University in Nanchang, China

Jiangxi University of Technology (JXUT; 江西科技学院 (江西科技學院, Jiāngxī Kējì Xuéyuàn)) is a private nonprofit university located in Nanchang, Jiangxi, China which was founded in 1994 and renamed from Jiangxi Blue Sky University (江西蓝天学院 (江西藍天學院)) in 2012. Jiangxi University of Technology has been ranked number 1 in private universities in China by the Network of Science and Education Evaluation in China since 2007.

==Programs==
JXUT offers 35 undergraduate programs and 40 vocational programs.

Jiangxi University of Technology High School is its affiliated private high school.

==Students, faculty and staff==
There are about 38,000 students and 3,000 faculty and staff on the campus, 100,000 alumni around the world. During the past five years, JXUT has ever hired 62 foreign teachers in total.

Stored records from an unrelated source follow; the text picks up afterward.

text \<open>For A = L_n the topology is the Euclidean one on the closed set X_n, hence locally
  compact. Conversely, let a \<in> L_n - A and let K be \<tau>(A)-compact with a tangent ball
  B~(a,e) \<subseteq> K. Removing the open set B~(a,e/2) leaves a \<tau>(A)-compact set, which is
  Euclidean compact because \<tau>(A) refines the Euclidean topology, hence closed. But
  B~(a,e) - B~(a,e/2) contains points Euclidean-close to a, so a would lie in the removed set.\<close>

text \<open>The basic neighbourhoods of \<tau>(A) in one formula: at points of P_n the set
  ball p e \<inter> X_n is the Euclidean ball once e \<le> x_n.\<close>
definition tau_nbhd :: "('a::euclidean_space \<times> real) set \<Rightarrow> 'a \<times> real \<Rightarrow> real \<Rightarrow> ('a \<times> real) set" where
  "tau_nbhd A p e = (if p \<in> Ln - A then tball p e else ball p e \<inter> Xn)"

lemma snd_pos_in_shifted_ball:
  fixes a :: "'a::euclidean_space \<times> real"
  assumes "x \<in> ball (shift_pt a e) e"
  shows "0 < snd x"
proof -
  have "dist (snd (shift_pt a e)) (snd x) \<le> dist (shift_pt a e) x"
    by (rule dist_snd_le)
  then show ?thesis using assms by (auto simp: shift_pt_def dist_real_def)
qed

lemma tball_subset_Xn:
  assumes "a \<in> Ln"
  shows "tball a e \<subseteq> Xn"
  using assms snd_pos_in_shifted_ball[of _ a e] by (auto simp: tball_def Xn_def Pn_def)

lemma tball_mono:
  fixes a :: "'a::euclidean_space \<times> real"
  assumes "e' \<le> e"
  shows "tball a e' \<subseteq> tball a e"
proof -
  have "dist (shift_pt a e) (shift_pt a e') = e - e'"
    using assms by (simp add: shift_pt_def dist_Pair_Pair dist_real_def)
  then have "ball (shift_pt a e') e' \<subseteq> ball (shift_pt a e) e"
    by (subst ball_subset_ball_iff) (auto simp: dist_commute)
  then show ?thesis by (auto simp: tball_def)
qed

lemma tball_subset_ball:
  fixes a :: "'a::euclidean_space \<times> real"
  assumes "a \<in> Ln" "0 < e"
  shows "tball a e \<subseteq> ball a (2 * e)"
proof -
  have "dist a (shift_pt a e) = e"
    using assms by (cases a) (simp add: shift_pt_def dist_Pair_Pair Ln_def)
  then have "ball (shift_pt a e) e \<subseteq> ball a (2 * e)"
    by (subst ball_subset_ball_iff) (auto simp: dist_commute)
  then show ?thesis using assms by (auto simp: tball_def)
qed

lemma in_shifted_ball_iff:
  fixes a y :: "'a::euclidean_space \<times> real"
  assumes "0 < r"
  shows "y \<in> ball (shift_pt a r) r \<longleftrightarrow> (dist (fst a) (fst y))\<^sup>2 + (snd y)\<^sup>2 < 2 * r * snd y"
proof -
  have "y \<in> ball (shift_pt a r) r \<longleftrightarrow> sqrt ((dist (fst a) (fst y))\<^sup>2 + (r - snd y)\<^sup>2) < sqrt (r\<^sup>2)"
    using assms by (cases y) (simp add: shift_pt_def dist_Pair_Pair dist_real_def)
  also have "\<dots> \<longleftrightarrow> (dist (fst a) (fst y))\<^sup>2 + (snd y)\<^sup>2 < 2 * r * snd y"
    unfolding real_sqrt_less_iff power2_diff by linarith
  finally show ?thesis .
qed

lemma ball_subset_Pn:
  fixes p :: "'a::euclidean_space \<times> real"
  assumes "e \<le> snd p"
  shows "ball p e \<subseteq> Pn"
proof
  fix x assume "x \<in> ball p e"
  moreover have "dist (snd p) (snd x) \<le> dist p x" by (rule dist_snd_le)
  ultimately show "x \<in> Pn" using assms by (auto simp: Pn_def dist_real_def)
qed

lemma tau_local_condition_iff:
  fixes p :: "'a::euclidean_space \<times> real"
  assumes "A \<subseteq> Ln" "p \<in> Xn"
  shows "((p \<in> Pn \<longrightarrow> (\<exists>e. 0 < e \<and> e < snd p \<and> ball p e \<subseteq> U)) \<and>
          (p \<in> A \<longrightarrow> (\<exists>e>0. ball p e \<inter> Xn \<subseteq> U)) \<and>
          (p \<in> Ln - A \<longrightarrow> (\<exists>e>0. tball p e \<subseteq> U)))
         \<longleftrightarrow> (\<exists>e>0. tau_nbhd A p e \<subseteq> U)"
proof (cases "p \<in> Pn")
  case True
  then have p: "0 < snd p" "p \<notin> Ln" by (auto simp: Pn_def Ln_def)
  have "(\<exists>e. 0 < e \<and> e < snd p \<and> ball p e \<subseteq> U) \<longleftrightarrow> (\<exists>e>0. ball p e \<inter> Xn \<subseteq> U)"
  proof
    assume "\<exists>e>0. ball p e \<inter> Xn \<subseteq> U"
    then obtain e where e: "0 < e" "ball p e \<inter> Xn \<subseteq> U" by blast
    have "ball p (min e (snd p / 2)) \<subseteq> Pn"
      using p by (intro ball_subset_Pn) auto
    then have "ball p (min e (snd p / 2)) \<subseteq> ball p e \<inter> Xn"
      by (auto simp: Xn_def)
    then show "\<exists>e. 0 < e \<and> e < snd p \<and> ball p e \<subseteq> U"
      using e p by (intro exI[of _ "min e (snd p / 2)"]) auto
  qed blast
  then show ?thesis using True p assms(1) by (auto simp: tau_nbhd_def)
next
  case False
  then show ?thesis using assms(2) by (auto simp: tau_nbhd_def Xn_def)
qed

lemma tau_nbhd_mono:
  assumes "e' \<le> e"
  shows "tau_nbhd A p e' \<subseteq> tau_nbhd A p e"
  using assms tball_mono[of e' e p] by (auto simp: tau_nbhd_def)

lemma tau_nbhd_subset_ball:
  fixes p :: "'a::euclidean_space \<times> real"
  assumes "p \<in> Xn" "0 < e"
  shows "tau_nbhd A p e \<subseteq> ball p (2 * e) \<inter> Xn"
  using assms tball_subset_ball[of p e] tball_subset_Xn[of p e] by (auto simp: tau_nbhd_def)

lemma openin_tau:
  fixes A :: "('a::euclidean_space \<times> real) set"
  assumes "A \<subseteq> Ln"
  shows "openin (tau A) U \<longleftrightarrow> U \<subseteq> Xn \<and> (\<forall>p\<in>U. \<exists>e>0. tau_nbhd A p e \<subseteq> U)"
proof -
  define P where "P U \<longleftrightarrow> U \<subseteq> Xn \<and> (\<forall>p\<in>U. \<exists>e>0. tau_nbhd A p e \<subseteq> U)" for U
  have "tau A = topology P"
    unfolding tau_def P_def using tau_local_condition_iff[OF assms]
    by (intro arg_cong[where f = topology] ext) blast
  moreover have "istopology P"
    unfolding istopology_def
  proof (intro conjI allI impI)
    fix S T assume "P S" "P T"
    show "P (S \<inter> T)"
      unfolding P_def
    proof (intro conjI ballI)
      fix p assume "p \<in> S \<inter> T"
      then obtain e1 e2 where "0 < e1" "tau_nbhd A p e1 \<subseteq> S" "0 < e2" "tau_nbhd A p e2 \<subseteq> T"
        using \<open>P S\<close> \<open>P T\<close> unfolding P_def by blast
      then show "\<exists>e>0. tau_nbhd A p e \<subseteq> S \<inter> T"
        using tau_nbhd_mono[of "min e1 e2" e1 A p] tau_nbhd_mono[of "min e1 e2" e2 A p]
        by (intro exI[of _ "min e1 e2"]) auto
    qed (use \<open>P S\<close> in \<open>auto simp: P_def\<close>)
  next
    fix \<K> assume "\<forall>S\<in>\<K>. P S"
    then show "P (\<Union>\<K>)" unfolding P_def by fast
  qed
  ultimately show ?thesis by (simp add: P_def)
qed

==Facilities and resources==
JXUT focuses on practical skills and professional relevance. There are 17 practical training centers, including Vehicle Technology Center, Mechanic Foundational Experiment Center, Computer Technology Laboratory, Modern Production Technology Center, Clothing Design and Fabrication Center, Artistic Design and Implementation Center, Software and Internet Technology Center, Practical Nursing Center, Music and Dance Stadium, Basic Electrical Experiment Laboratory, Civil Engineering Center, Electrical Technology Center, Management Demonstration Center, Dynamic Laboratory, Basic Science Laboratory, Language Practice Center, and Physical Training Stadium.